6 -Por cada infração é elaborado um relatório do qual consta a identificação das regras violadas, da sanção aplicada, bem como das medidas adotadas e a adotar, nomeadamente no âmbito do Sistema de Controlo Interno.
PARTE V
DISPOSIÇÕES FINAIS
Artigo 31.º
Divulgação e acompanhamento
1 -Será promovida a adequada divulgação do presente Código de Conduta por todos/as os/as trabalhadores/as da Câmara Municipal de São João da Madeira, de forma a consolidar a aplicação dos seus princípios e a adoção do comportamento nele estabelecido.
2 -As hierarquias devem diligenciar no sentido de que todos/as os/as seus/suas trabalhadores/as conheçam este código e observem as suas regras.
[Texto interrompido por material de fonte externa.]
(* Let $s \geq 3$ and $n \geq 2^{40s}$ be integers and let $\rho = (8s/n)^{2/s}$. Let $\chi$ be a coloring of an $n$-element set $Y$ with $s$ colors whose color classes $Y_1,\dots,Y_s$ each have size at least $n/(2s)$. Let $G_{n,\rho}(\chi)$ be the random graph obtained by including each edge of the complete $s$-partite graph with parts $Y_1,\dots,Y_s$ independently with probability $\rho$. Then $$\Pr\bigl(K_s \not\subseteq G_{n,\rho}(\chi)\bigr) \leq \exp\bigl(-2^{2s-4}n\bigr).$$
   Context: $K_s$ denotes the complete graph on $s$ vertices; $K_s \not\subseteq G$ means $G$ contains no copy of $K_s$. *)

theory Defs
  imports "HOL-Probability.Probability"
begin

text \<open>Graphs on vertex type 'a are given by their edge sets: sets of 2-element sets.\<close>

definition partite_edges :: "'a set \<Rightarrow> ('a \<Rightarrow> nat) \<Rightarrow> 'a set set" where
  "partite_edges Y chi = {{u, v} | u v. u \<in> Y \<and> v \<in> Y \<and> chi u \<noteq> chi v}"

definition contains_clique :: "'a set set \<Rightarrow> nat \<Rightarrow> bool" where
  "contains_clique H s \<longleftrightarrow>
     (\<exists>K. finite K \<and> card K = s \<and> (\<forall>u\<in>K. \<forall>v\<in>K. u \<noteq> v \<longrightarrow> {u, v} \<in> H))"

text \<open>The random graph G_{n,rho}(chi): each edge of the complete s-partite graph is
kept independently with probability rho. A sample is the indicator function of
the kept edges.\<close>
definition random_partite_graph :: "'a set \<Rightarrow> ('a \<Rightarrow> nat) \<Rightarrow> real \<Rightarrow> ('a set \<Rightarrow> bool) pmf" where
  "random_partite_graph Y chi \<rho> = Pi_pmf (partite_edges Y chi) False (\<lambda>_. bernoulli_pmf \<rho>)"

end

theory Submission
  imports Defs
begin

text \<open>A transversal \<open>\<phi>\<close> of the colouring, one vertex from each colour class, spans a
  potential copy of \<open>K_s\<close> whose \<open>s choose 2\<close> edges all belong to the complete
  \<open>s\<close>-partite graph. If the random graph has no \<open>K_s\<close>, none of these transversal cliques
  is fully present, and Janson's inequality bounds the probability of that by
  \<open>exp (- \<mu> + \<Delta>)\<close>. Balanced colour classes give at least \<open>(n/2s)^(s-1) n/2\<close>
  transversals, so \<open>\<mu> \<ge> 4^(s-1) n/2\<close> for the given \<open>\<rho>\<close>. Two transversals agreeing
  in exactly \<open>k\<close> classes share \<open>k choose 2\<close> edges; counting them by \<open>k\<close> (AM-GM on
  the free classes) shows that each \<open>k\<close> contributes at most \<open>4^(k-s)\<close> to \<open>\<Delta>/\<mu>\<close> once
  \<open>n \<ge> 2^(40s)\<close>. Hence \<open>\<Delta> \<le> \<mu>/3\<close>, and the exponent is at most \<open>-2\<mu>/3\<close>.\<close>

section \<open>Janson's inequality for product measures\<close>

definition all_present :: "'e set \<Rightarrow> ('e \<Rightarrow> bool) set" where
  "all_present T = {f. \<forall>e\<in>T. f e}"

lemma all_present_Un: "all_present (A \<union> B) = all_present A \<inter> all_present B"
  by (auto simp: all_present_def)

lemma measure_pair_pmf_Times:
  "measure_pmf.prob (pair_pmf M N) (A \<times> B) = measure_pmf.prob M A * measure_pmf.prob N B"
proof -
  have "measure_pmf.prob (pair_pmf M N) (A \<times> B)
      = measure_pmf.prob (pair_pmf M N) ((A \<inter> set_pmf M) \<times> (B \<inter> set_pmf N))"
    by (subst measure_Int_set_pmf[symmetric]) (simp add: Times_Int_Times Int_ac)
  also have "\<dots> = measure_pmf.prob M (A \<inter> set_pmf M) * measure_pmf.prob N (B \<inter> set_pmf N)"
    by (rule measure_pmf_prob_product) (auto intro: countable_subset)
  finally show ?thesis by (simp add: measure_Int_set_pmf)
qed

lemma prob_all_present:
  assumes "finite E" "T \<subseteq> E" "0 \<le> \<rho>" "\<rho> \<le> 1"
  shows "measure_pmf.prob (Pi_pmf E False (\<lambda>_. bernoulli_pmf \<rho>)) (all_present T) = \<rho> ^ card T"
proof -
  have "all_present T = Pi E (\<lambda>e. if e \<in> T then {True} else UNIV)"
    using assms(2) by (auto simp: all_present_def Pi_def)
  then have "measure_pmf.prob (Pi_pmf E False (\<lambda>_. bernoulli_pmf \<rho>)) (all_present T)
      = (\<Prod>e\<in>E. if e \<in> T then \<rho> else 1)"
    using assms by (simp add: measure_Pi_pmf_Pi measure_pmf_single if_distrib cong: if_cong)
  also have "\<dots> = \<rho> ^ card T"
    using assms(1,2) by (simp add: prod.If_cases Int_absorb1)
  finally show ?thesis .
qed

lemma prob_all_present_Int_independent:
  assumes "finite E" "T \<subseteq> E"
    and indep: "\<And>f g. (\<And>e. e \<notin> T \<Longrightarrow> f e = g e) \<Longrightarrow> f \<in> D \<longleftrightarrow> g \<in> D"
  shows "measure_pmf.prob (Pi_pmf E False p) (all_present T \<inter> D)
       = measure_pmf.prob (Pi_pmf E False p) (all_present T) * measure_pmf.prob (Pi_pmf E False p) D"
proof -
  define merge where "merge = (\<lambda>(f::'a \<Rightarrow> bool, g) e. if e \<in> T then f e else g e)"
  have "finite T" using assms(1,2) finite_subset by blast
  have split: "Pi_pmf E False p = map_pmf merge (pair_pmf (Pi_pmf T False p) (Pi_pmf (E - T) False p))"
    using Pi_pmf_union[of T "E - T" False p] assms(1,2) \<open>finite T\<close>
    by (simp add: merge_def Un_absorb1 del: if_bool_eq_conj)
  have "merge (f, g) \<in> D \<longleftrightarrow> g \<in> D" for f g
    by (rule indep) (simp add: merge_def)
  moreover have "merge (f, g) \<in> all_present T \<longleftrightarrow> f \<in> all_present T" for f g
    by (auto simp: merge_def all_present_def)
  ultimately have "merge -` (all_present T \<inter> D) = all_present T \<times> D"
    and "merge -` all_present T = all_present T \<times> UNIV" and "merge -` D = UNIV \<times> D"
    by auto
  then show ?thesis
    unfolding split measure_map_pmf by (simp add: measure_pair_pmf_Times)
qed

text \<open>Harris' inequality for a principal up-set: forcing the coordinates in \<open>T\<close> to
  \<open>True\<close> makes the decreasing event \<open>D\<close> independent of them while only shrinking it.\<close>
lemma prob_all_present_Int_decreasing_le:
  assumes "finite E" "T \<subseteq> E"
    and decreasing: "\<And>f g. f \<in> D \<Longrightarrow> (\<And>e. g e \<Longrightarrow> f e) \<Longrightarrow> g \<in> D"
  shows "measure_pmf.prob (Pi_pmf E False p) (all_present T \<inter> D)
       \<le> measure_pmf.prob (Pi_pmf E False p) (all_present T) * measure_pmf.prob (Pi_pmf E False p) D"
proof -
  let ?P = "measure_pmf.prob (Pi_pmf E False p)"
  define raise where "raise = (\<lambda>f e. e \<in> T \<or> f e)"
  have "raise f = f" if "f \<in> all_present T" for f
    using that by (auto simp: raise_def all_present_def)
  then have "all_present T \<inter> D = all_present T \<inter> raise -` D"
    by auto
  also have "?P \<dots> = ?P (all_present T) * ?P (raise -` D)"
  proof (rule prob_all_present_Int_independent[OF assms(1,2)])
    fix f g :: "'a \<Rightarrow> bool" assume "\<And>e. e \<notin> T \<Longrightarrow> f e = g e"
    then have "raise f = raise g" by (auto simp: raise_def)
    then show "f \<in> raise -` D \<longleftrightarrow> g \<in> raise -` D" by simp
  qed
  also have "\<dots> \<le> ?P (all_present T) * ?P D"
    by (intro mult_left_mono measure_pmf.finite_measure_mono)
      (auto simp: raise_def intro: decreasing)
  finally show ?thesis .
qed

definition janson_mu :: "('e \<Rightarrow> bool) pmf \<Rightarrow> ('i \<Rightarrow> 'e set) \<Rightarrow> 'i set \<Rightarrow> real" where
  "janson_mu M S I = (\<Sum>i\<in>I. measure_pmf.prob M (all_present (S i)))"
lemma set_integral_sum_over_random_subset:
  fixes w :: "'a \<Rightarrow> real" and C :: "'b \<Rightarrow> 'a set"
  assumes "finite V" "\<And>\<theta>. C \<theta> \<subseteq> V"
    and "T \<in> sets M" "emeasure M T < \<infinity>" "\<And>v. {\<theta>\<in>space M. v \<in> C \<theta>} \<in> sets M"
  shows "(LINT \<theta>:T|M. (\<Sum>v\<in>C \<theta>. w v)) = (\<Sum>v\<in>V. w v * measure M (T \<inter> {\<theta>\<in>space M. v \<in> C \<theta>}))"
proof -
  define S where "S v = T \<inter> {\<theta>\<in>space M. v \<in> C \<theta>}" for v
  have S_sets: "S v \<in> sets M" for v using assms(3,5) by (simp add: S_def)
  have S_space: "S v \<inter> space M = S v" for v by (auto simp: S_def)
  have S_finite: "emeasure M (S v) < \<infinity>" for v
    using emeasure_mono[of "S v" T M] assms(3,4) by (auto simp: S_def)
  have "indicator T \<theta> *\<^sub>R (\<Sum>v\<in>C \<theta>. w v) = (\<Sum>v\<in>V. w v * indicator (S v) \<theta>)"
    if "\<theta> \<in> space M" for \<theta>
  proof -
    have "(\<Sum>v\<in>C \<theta>. w v) = (\<Sum>v\<in>V. if v \<in> C \<theta> then w v else 0)"
      using sum.inter_restrict[OF assms(1), of w "C \<theta>"] assms(2)[of \<theta>] by (simp add: Int_absorb1)
    then show ?thesis
      using that by (auto simp: S_def indicator_def sum_distrib_left intro!: sum.cong)
  qed
  then have "(LINT \<theta>:T|M. (\<Sum>v\<in>C \<theta>. w v)) = (LINT \<theta>|M. (\<Sum>v\<in>V. w v * indicator (S v) \<theta>))"
    unfolding set_lebesgue_integral_def by (intro Bochner_Integration.integral_cong) auto
  also have "\<dots> = (\<Sum>v\<in>V. w v * measure M (S v))"
    using integrable_real_indicator[OF S_sets S_finite] by (simp add: S_space)
  finally show ?thesis by (simp add: S_def)
qed

lemma set_integral_cut_weight:
  assumes "finite V"
  shows "(LINT \<theta>:{0<..<1/2}|lborel. (\<Sum>v\<in>cut_set V E k s x l \<theta>. w v))
       = (\<Sum>v\<in>V. w v * measure lborel ({0<..<1/2} \<inter> {\<theta>. v \<in> cut_set V E k s x l \<theta>}))"
proof -
  have "(LINT \<theta>:{0<..<1/2}|lborel. (\<Sum>v\<in>cut_set V E k s x l \<theta>. w v))
      = (\<Sum>v\<in>V. w v * measure lborel ({0<..<1/2} \<inter> {\<theta>\<in>space lborel. v \<in> cut_set V E k s x l \<theta>}))"
    using cut_set_radii_borel[OF assms]
    by (intro set_integral_sum_over_random_subset assms cut_set_subset) (auto simp del: ennreal_half)
  then show ?thesis by simp
qed

lemma sum_measure_cut_le:
  assumes "finite V" "sym E" "node_mc_feasible V E k s x" "1 \<le> k" "v \<in> V"
  shows "(\<Sum>l\<in>{1..k}. measure lborel ({0<..<1/2} \<inter> {\<theta>. v \<in> cut_set V E k s x l \<theta>}))
           \<le> (real k - 1) * x v"
proof -
  have x_nonneg: "\<forall>u\<in>V. 0 \<le> x u" using assms(3) by (simp add: node_mc_feasible_def)
  define A where "A i = {0<..<1/2} \<inter> {\<theta>::real. v \<in> ball_plus V E x (s i) \<theta>}" for i
  \<comment> \<open>\<open>real_of_ereal\<close> maps \<open>\<infinity>\<close> to 0, but \<open>e i\<close> is only used where \<open>A i \<noteq> {}\<close>, so a path exists\<close>
  define e where "e i = real_of_ereal (dist_x V E x (s i) v) - x v" for i
  have A_path: "\<exists>p. is_path V E p (s i) v \<and> path_len x p = e i + x v \<and> e i \<le> \<theta> \<and> \<theta> < e i + x v"
    if "\<theta> \<in> A i" for i \<theta>
  proof -
    have "v \<in> ball_plus V E x (s i) \<theta>" using that by (simp add: A_def)
    then obtain p where "is_path V E p (s i) v" "dist_x V E x (s i) v = ereal (path_len x p)"
      "path_len x p - x v \<le> \<theta>" "\<theta> < path_len x p"
      by (rule ball_plus_shortest_path[OF assms(1) x_nonneg])
    then show ?thesis by (auto simp: e_def)
  qed
  have "(\<Sum>l\<in>{1..k}. measure lborel (\<Union>i\<in>{1..k} - {l}. A i)) \<le> (real (card {1..k}) - 1) * x v"
  proof (rule sum_measure_Union_but_one_le)
    show "finite {1..k}" "{1..k} \<noteq> {}" using assms(4) by auto
    show "A i \<in> sets lborel" for i
      using ball_plus_radii_borel[OF assms(1)] by (simp add: A_def)
    show "A i \<subseteq> {e i..<e i + x v} \<inter> {..<1/2}" for i
      using A_path by (fastforce simp: A_def)
    show "0 \<le> x v" using x_nonneg assms(5) by simp
    fix i j assume ij: "i \<in> {1..k}" "j \<in> {1..k}" "i \<noteq> j" "A i \<noteq> {}" "A j \<noteq> {}"
    then obtain p q where "is_path V E p (s i) v" "path_len x p = e i + x v"
      "is_path V E q (s j) v" "path_len x q = e j + x v"
      using A_path by (metis ex_in_conv)
    then show "2 * (1/2) \<le> e i + e j + x v"
      using feasible_two_paths_to_vertex[OF assms(3,2) ij(1-3)] by fastforce
  qed
  moreover have "{0<..<1/2} \<inter> {\<theta>. v \<in> cut_set V E k s x l \<theta>} = (\<Union>i\<in>{1..k} - {l}. A i)" for l
    by (auto simp: cut_set_def A_def)
  ultimately show ?thesis by simp
qed

theorem mainTheorem11:
  fixes V :: "'a set" and E :: "('a \<times> 'a) set" and w x :: "'a \<Rightarrow> real"
    and k :: nat and s :: "nat \<Rightarrow> 'a"
  assumes "finite V"
    and "sym E" and "irrefl E" and "E \<subseteq> V \<times> V"
    and "\<forall>v\<in>V. w v \<ge> 0"
    and "k \<ge> 2"
    and "inj_on s {1..k}" and "s ` {1..k} \<subseteq> V"
    and "\<forall>i\<in>{1..k}. \<forall>j\<in>{1..k}. (s i, s j) \<notin> E"
    and "node_mc_feasible V E k s x"
  shows "(1 / real k) * (\<Sum>l\<in>{1..k}.
            2 * (LINT \<theta>:{0<..<1/2}|lborel. (\<Sum>v\<in>cut_set V E k s x l \<theta>. w v)))
         \<le> 2 * (1 - 1 / real k) * (\<Sum>v\<in>V. w v * x v)"
proof -
  let ?m = "\<lambda>l v. measure lborel ({0<..<1/2} \<inter> {\<theta>::real. v \<in> cut_set V E k s x l \<theta>})"
  have "(1 / real k) * (\<Sum>l\<in>{1..k}.
            2 * (LINT \<theta>:{0<..<1/2}|lborel. (\<Sum>v\<in>cut_set V E k s x l \<theta>. w v)))
      = (2 / real k) * (\<Sum>v\<in>V. w v * (\<Sum>l\<in>{1..k}. ?m l v))"
    by (simp add: set_integral_cut_weight[OF assms(1)] sum_distrib_left sum_distrib_right
        mult.assoc mult.left_commute) (rule sum.swap)
  also have "\<dots> \<le> (2 / real k) * (\<Sum>v\<in>V. w v * ((real k - 1) * x v))"
    using sum_measure_cut_le[OF assms(1,2,10)] assms(5,6) by (intro mult_left_mono sum_mono) auto
  also have "\<dots> = (2 / real k) * ((real k - 1) * (\<Sum>v\<in>V. w v * x v))"
    by (simp add: sum_distrib_left mult.left_commute)
  also have "\<dots> = 2 * (1 - 1 / real k) * (\<Sum>v\<in>V. w v * x v)"
    using assms(6) by (simp add: field_simps)
  finally show ?thesis .
qed

end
3 -Em caso de dúvida na interpretação de qualquer disposição do presente Código os/as trabalhadores/as da Câmara Municipal de São João da Madeira deverão consultar a respetiva hierarquia.
Artigo 32.º
Entrada em vigor e revisões
1 -O presente Código de Conduta entra em vigor imediatamente após a sua aprovação pela Câmara Municipal.
2 -O presente código é revisto a cada três anos ou sempre que se considere necessário, designadamente por alteração das atribuições ou da estrutura orgânica do Município.